# shadows and regrets, let go all the rest



## denvergirl479

Hi,

I was wondering what would be the proper translation for the phrase "Shadows and regrets, let go all the rest."  Thank you for your help.


----------



## rainbowizard

My try:
umbrae atque dolores, quietem adimunt
or 
umbrae atque dolores, efficiunt ut quies adimatur


----------



## pisolo

Hi
I agree with rainbowizard.
Have a nice day.


----------



## wonderment

hi, everyone.  hi rainbowizard , I don't think it means in English what you think, or maybe it doesn't mean what I think, but here's my try:

_umbras doloresque et cetera exigamus solvamus_
exhortation: let's let go of the shadows and regrets, and all the rest.
or
_umbras doloresque et cetera exige__ solve
_imperative (use _exigete solvite_ if addressing more than one person): let go of the shadows and regrets, and all the rest.


----------



## rainbowizard

Ha! Strange... 
Maybe I misunderstood the meaning of the phrase in English... I thought that "rest" here means "quiet" or "tranquillity", so it sounds to me as 
"Shadows and regrets make all my tranquillity go away"
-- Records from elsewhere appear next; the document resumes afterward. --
lemma perfect_matching_of_permutation:
  assumes bip: "\<forall>u v. E u v \<longrightarrow> (u \<in> S \<longleftrightarrow> v \<notin> S)"
    and p: "p permutes UNIV" and edges: "\<forall>i. E i (p i)"
  shows "perfect_matching E {{i, p i} | i. i \<in> S}"
  unfolding perfect_matching_def
proof (intro conjI allI)
  show "\<forall>e\<in>{{i, p i} |i. i \<in> S}. \<exists>u v. e = {u, v} \<and> E u v"
    using edges by blast
next
  fix v
  have not_in_S: "p i \<notin> S" if "i \<in> S" for i
    using that bip edges by blast
  obtain i where i: "i \<in> S" "v = i \<or> v = p i"
  proof (cases "v \<in> S")
    case False
    obtain i where "p i = v" using permutes_surj[OF p] by (metis surjD)
    moreover from this have "i \<in> S" using False bip edges by blast
    ultimately show ?thesis using that by blast
  qed blast
  have unique: "j = i" if "j \<in> S" "v = j \<or> v = p j" for j
    using that i not_in_S permutes_inj[OF p] by (auto dest: injD)
  show "\<exists>!e. e \<in> {{i, p i} | i. i \<in> S} \<and> v \<in> e"
  proof (rule ex1I[of _ "{i, p i}"])
    show "{i, p i} \<in> {{i, p i} | i. i \<in> S} \<and> v \<in> {i, p i}" using i by blast
  next
    fix e assume "e \<in> {{i, p i} | i. i \<in> S} \<and> v \<in> e"
    then obtain j where "j \<in> S" "e = {j, p j}" "v = j \<or> v = p j" by blast
    then show "e = {i, p i}" using unique by blast
  qed
qed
Perhaps denvergir will solve my doubts


----------



## wonderment

Hi again,

I just Googled this line and found the context here:

And we hoped for the best
And let go of the rest
Shadows and regrets
Let go of the rest

Song lyrics, like poems, will play with the ambiguity of a word’s meanings. As a native speaker of English, when I hear “let go all the rest” I automatically think “hold on to what’s important and let go of everything else.” But in context, it seems the song is _also_ playing with that other sense of “rest”, the notion that shadows and regrets can shatter one’s inner peace.  

Hmm...I think _solvere_ (to release or set free) would be more apt. I just revised my translation; please have a look.


----------



## denvergirl479

Hi everyone,

Thanks for your replies.  How Wonderment explained it is pretty much what it means.  The song does play with the meaning so it's a little hard to figure it out.  I think it can be taken different ways so you just have to decide what it means to you.  But I like how you explained it Wonderment.  So is this the final translation: "_umbras doloresque et cetera __solve."  _Thank you everyone for your help.


----------



## wonderment

Hi denvergirl,

You’re welcome   Well...looking at the lyrics again, the implied subject of “let go” is really “we”. So to translate: 

_Shadows and regrets/ (we) Let go of the rest_ = _umbras doloresque et cetera solvimus_ 

(And for what it’s worth, this verse is beautiful in _English_. That double meaning of “rest” gets lost in translation.)


----------